14. Lat Stretch Reach
Tight lats can contribute to shoulder tension and limited overhead movement. Raise one arm overhead and reach it up and slightly to the opposite side. Keep your shoulders down so the stretch lands on the side of your upper back rather than your neck.
15. Hip Flexor Stretch
Hip flexors are one of the most forgotten areas of the body, but are arguably one of the most important. Stand and step one foot back into a short lunge, then tuck your pelvis slightly so you feel the stretch in the front of the back hip. Hip flexors often tighten with long sitting, which can affect how your lower back feels when you stand.
16. Standing Quad Stretch
Hold a desk or wall for balance, then bend one knee and pull your foot toward your butt. Keep your knees close together and your pelvis neutral. This targets the front of the thigh, which can feel tight after being bent for hours.
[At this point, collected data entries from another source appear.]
lemma ydiff_has_vector_derivative:
  assumes "smooth_map (\<lambda>p::real \<times> real. K (fst p) (snd p))"
  shows "((\<lambda>t. ydiff n K x t) has_vector_derivative ydiff (Suc n) K x t) (at t)"
proof -
  define D where "D n = ((\<lambda>g p. frechet_derivative g (at p) (0, 1)) ^^ n) (\<lambda>p. K (fst p) (snd p))"
    for n
  have D_0: "D 0 = (\<lambda>p. K (fst p) (snd p))"
    and D_Suc: "D (Suc n) = (\<lambda>p. frechet_derivative (D n) (at p) (0, 1))" for n
    by (simp_all add: D_def)
  have "smooth_map (D n)" for n
    by (induction n) (simp_all only: D_0 D_Suc assms smooth_map_frechet_derivative)
  then have D_deriv: "((\<lambda>s. D n (x, s)) has_vector_derivative D (Suc n) (x, t)) (at t)" for n t
    unfolding D_Suc by (intro has_vector_derivative_second_argument smooth_map_differentiable)
  have "ydiff n K x = (\<lambda>t. D n (x, t))" for n
  proof (induction n)
    case (Suc n)
    then show ?case by (intro ext) (simp add: vector_derivative_at[OF D_deriv])
  qed (simp add: D_0)
  then show ?thesis using D_deriv by simp
qed

definition mixed_matrix ::
    "(real \<Rightarrow> real \<Rightarrow> complex) \<Rightarrow> (nat \<Rightarrow> real) \<Rightarrow> nat \<Rightarrow> (nat \<Rightarrow> real) \<Rightarrow> (nat \<Rightarrow> real) \<Rightarrow>
      nat \<Rightarrow> nat \<Rightarrow> complex" where
  "mixed_matrix K x m y \<xi> i j = (if j < m then K (x i) (y j) else ydiff j K (x i) (\<xi> j))"

lemma norm_det_mixed_matrix_Suc_le:
  fixes K :: "real \<Rightarrow> real \<Rightarrow> complex"
  assumes smooth: "smooth_map (\<lambda>p::real \<times> real. K (fst p) (snd p))"
    and J: "is_interval J" and L: "\<And>a b. a \<in> J \<Longrightarrow> b \<in> J \<Longrightarrow> \<bar>a - b\<bar> \<le> L"
    and y: "\<And>j. j < k \<Longrightarrow> y j \<in> J" "inj_on y {..<m}"
    and m: "m < k" and \<xi>: "\<xi> m \<in> J"
    and bound: "\<And>t. t \<in> J \<Longrightarrow> cmod (leibniz_det (mixed_matrix K x m y (\<xi>(m := t))) k) \<le> B"
  shows "cmod (leibniz_det (mixed_matrix K x (Suc m) y \<xi>) k) * fact m \<le> B * L ^ m"
proof -
  let ?A = "mixed_matrix K x (Suc m) y \<xi>"
  \<comment> \<open>\<open>G 0\<close> is \<open>det ?A\<close> with the point \<open>y m\<close> of column \<open>m\<close> made variable; its \<open>m\<close>-th
    derivative is the determinant bounded by \<open>B\<close>.\<close>
  define G where "G n t = leibniz_det (\<lambda>i l. if l = m then ydiff n K (x i) t else ?A i l) k" for n t
  have G_m: "G m t = leibniz_det (mixed_matrix K x m y (\<xi>(m := t))) k" for t
    unfolding G_def by (rule leibniz_det_cong) (auto simp: mixed_matrix_def)
  have "0 \<le> B" using bound[OF \<xi>] norm_ge_zero order_trans by blast
  have "cmod (G 0 (y m)) * fact m \<le> B * (\<Prod>z\<in>y ` {..<m}. \<bar>y m - z\<bar>)"
  proof (rule interpolation_error_bound_complex[OF _ J])
    show "(G n has_vector_derivative G (Suc n) t) (at t)" for n t
      unfolding G_def using m ydiff_has_vector_derivative[OF smooth]
      by (rule has_vector_derivative_leibniz_det_column)
    show "G 0 z = 0" if z: "z \<in> y ` {..<m}" for z
    proof -
      obtain j where "j < m" "z = y j" using z by auto
      then show ?thesis
        unfolding G_def using m
        by (intro leibniz_det_identical_columns[of j k m]) (auto simp: mixed_matrix_def)
    qed
  qed (use y m bound in \<open>auto simp: G_m card_image\<close>)
  also have "(\<Prod>z\<in>y ` {..<m}. \<bar>y m - z\<bar>) \<le> (\<Prod>z\<in>y ` {..<m}. L)"
    using y m L by (intro prod_mono) auto
  also have "\<dots> = L ^ m" using y(2) by (simp add: card_image)
  also have "G 0 (y m) = leibniz_det ?A k"
    unfolding G_def by (rule leibniz_det_cong) (auto simp: mixed_matrix_def)
  finally show ?thesis using \<open>0 \<le> B\<close> by (simp add: mult_left_mono)
qed

lemma norm_det_mixed_matrix_le:
  fixes K :: "real \<Rightarrow> real \<Rightarrow> complex" and D :: "nat \<Rightarrow> real"
  assumes smooth: "smooth_map (\<lambda>p::real \<times> real. K (fst p) (snd p))"
    and J: "is_interval J" and L: "0 \<le> L" "\<And>a b. a \<in> J \<Longrightarrow> b \<in> J \<Longrightarrow> \<bar>a - b\<bar> \<le> L"
    and D: "\<And>j a b. a \<in> J \<Longrightarrow> b \<in> J \<Longrightarrow> cmod (ydiff j K a b) \<le> D j" "\<And>j. 0 \<le> D j"
    and x: "\<And>i. i < k \<Longrightarrow> x i \<in> J" and y: "\<And>j. j < k \<Longrightarrow> y j \<in> J"
    and "m \<le> k" and "\<And>j. j < k \<Longrightarrow> \<xi> j \<in> J"
  shows "cmod (leibniz_det (mixed_matrix K x m y \<xi>) k)
           \<le> fact k * (\<Prod>j<m. D j * L ^ j / fact j) * (\<Prod>j\<in>{m..<k}. D j)"
  using \<open>m \<le> k\<close> \<open>\<And>j. j < k \<Longrightarrow> \<xi> j \<in> J\<close>
proof (induction m arbitrary: \<xi>)
  case 0
  have "cmod (leibniz_det (mixed_matrix K x 0 y \<xi>) k) \<le> fact k * (\<Prod>j<k. D j)"
    using D(1) x 0 by (intro norm_leibniz_det_le) (simp add: mixed_matrix_def)
  then show ?case by (simp add: atLeast0LessThan)
next
  case (Suc m)
  let ?bound = "\<lambda>m. fact k * (\<Prod>j<m. D j * L ^ j / fact j) * (\<Prod>j\<in>{m..<k}. D j)"
  have m: "m < k" using Suc.prems by simp
  show ?case
  proof (cases "inj_on y {..<m}")
    case False
    then obtain j1 j2 where "j1 < m" "j2 < m" "j1 \<noteq> j2" "y j1 = y j2"
      by (auto simp: inj_on_def)
    then have "leibniz_det (mixed_matrix K x (Suc m) y \<xi>) k = 0"
      using m by (intro leibniz_det_identical_columns[of j1 k j2]) (auto simp: mixed_matrix_def)
    moreover have "0 \<le> ?bound (Suc m)" using D(2) L by (intro mult_nonneg_nonneg prod_nonneg) auto
    ultimately show ?thesis by simp
  next
    case True
    have "cmod (leibniz_det (mixed_matrix K x (Suc m) y \<xi>) k) * fact m \<le> ?bound m * L ^ m"
      using Suc.IH Suc.prems m
      by (intro norm_det_mixed_matrix_Suc_le[OF smooth J L(2) y True]) (auto simp: fun_upd_def)
    also have "?bound m * L ^ m = ?bound (Suc m) * fact m"
      using prod.atLeast_Suc_lessThan[OF m, of D] by (simp add: field_simps)
    finally show ?thesis by (rule mult_right_le_imp_le) simp
  qed
qed

lemma norm_kdet_le:
  fixes K :: "real \<Rightarrow> real \<Rightarrow> complex" and D :: "nat \<Rightarrow> real"
  assumes "smooth_map (\<lambda>p::real \<times> real. K (fst p) (snd p))"
    and "is_interval J" and "0 \<le> L" "\<And>a b. a \<in> J \<Longrightarrow> b \<in> J \<Longrightarrow> \<bar>a - b\<bar> \<le> L"
    and "\<And>j a b. a \<in> J \<Longrightarrow> b \<in> J \<Longrightarrow> cmod (ydiff j K a b) \<le> D j" "\<And>j. 0 \<le> D j"
    and "\<And>i. i < k \<Longrightarrow> x i \<in> J"
  shows "cmod (kdet K k x) \<le> fact k * (\<Prod>j<k. D j * L ^ j / fact j)"
proof -
  have "kdet K k x = leibniz_det (mixed_matrix K x k x x) k"
    unfolding kdet_eq_leibniz_det by (rule leibniz_det_cong) (simp add: mixed_matrix_def)
  then show ?thesis
    using norm_det_mixed_matrix_le[where m=k and y=x and \<xi>=x, OF assms assms(7) order_refl assms(7)]
    by simp
qed

lemma interval_dist_le_measure:
  fixes I :: "real set"
  assumes "is_interval I" "bounded I" "a \<in> I" "b \<in> I"
  shows "\<bar>a - b\<bar> \<le> measure lborel I"
proof -
  have I: "I \<in> fmeasurable lborel"
    using assms(1) emeasure_bounded_finite[OF assms(2)]
    by (simp add: fmeasurable_def real_interval_borel_measurable)
  have "v - u \<le> measure lborel I" if "u \<in> I" "v \<in> I" "u \<le> v" for u v
  proof -
    have "{u..v} \<subseteq> I"
      using mem_is_interval_1_I[OF assms(1) that(1,2)] by auto
    then have "measure lborel {u..v} \<le> measure lborel I"
      by (rule measure_mono_fmeasurable[OF _ _ I]) simp
    then show ?thesis using that(3) by simp
  qed
  from this[of a b] this[of b a] show ?thesis
    using assms(3,4) by (cases "a \<le> b") auto
qed

lemma norm_kdet_le_interval:
  fixes K :: "real \<Rightarrow> real \<Rightarrow> complex"
  assumes "smooth_map (\<lambda>p::real \<times> real. K (fst p) (snd p))" and "0 \<le> C0"
    and "\<And>n x y. \<bar>x - y\<bar> \<le> 1 \<Longrightarrow> cmod (ydiff n K x y) \<le> C0 ^ n * fact n"
    and "is_interval I" "bounded I" "measure lborel I \<le> 1"
    and "\<And>i. i < k \<Longrightarrow> x i \<in> I"
  shows "cmod (kdet K k x) \<le> fact k * (\<Prod>j<k. (C0 * measure lborel I) ^ j)"
proof -
  have dist: "\<bar>a - b\<bar> \<le> measure lborel I" if "a \<in> I" "b \<in> I" for a b
    using interval_dist_le_measure assms(4,5) that .
  have "cmod (kdet K k x) \<le> fact k * (\<Prod>j<k. C0 ^ j * fact j * measure lborel I ^ j / fact j)"
  proof (rule norm_kdet_le[where J=I])
    show "cmod (ydiff j K a b) \<le> C0 ^ j * fact j" if "a \<in> I" "b \<in> I" for j a b
      using assms(3,6) dist[OF that] by simp
  qed (use assms(1,2,4,7) dist in auto)
  then show ?thesis by (simp add: power_mult_distrib)
qed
Be sure to avoid arching your lower back.
17. Figure-Four Stretch
Sit tall and place one ankle on the opposite knee, creating a figure-four shape. Lean forward slightly while keeping your back straight to feel the stretch in the outer hip. This can help if your hips feel stiff or your glutes feel tight from sitting. It’s best to keep your foot flexed when doing this exercise.
18. Seated Hamstring Stretch
Sit toward the edge of your chair and extend one leg straight with your heel on the floor. Hinge forward at the hips with a long spine until you feel tension in the back of the thigh. This helps counter the shortened position your hamstrings take during prolonged sitting.
19. Calf Wall Stretch
Place your hands on a wall, step one foot back, and press the back heel toward the floor. Keep the back knee straight to target the upper calf, and bend it slightly to shift emphasis lower. Calves can tighten if you sit a lot and do not walk much during the day.
20. Ankle Circles
Lift one foot slightly off the floor and slowly circle the ankle in one direction, then the other. This keeps the joints moving and can help with stiffness from staying in the same position too long. It is also a simple way to get some circulation without leaving your chair. You may even start to do this exercise subconsciously if you put it into practice often enough.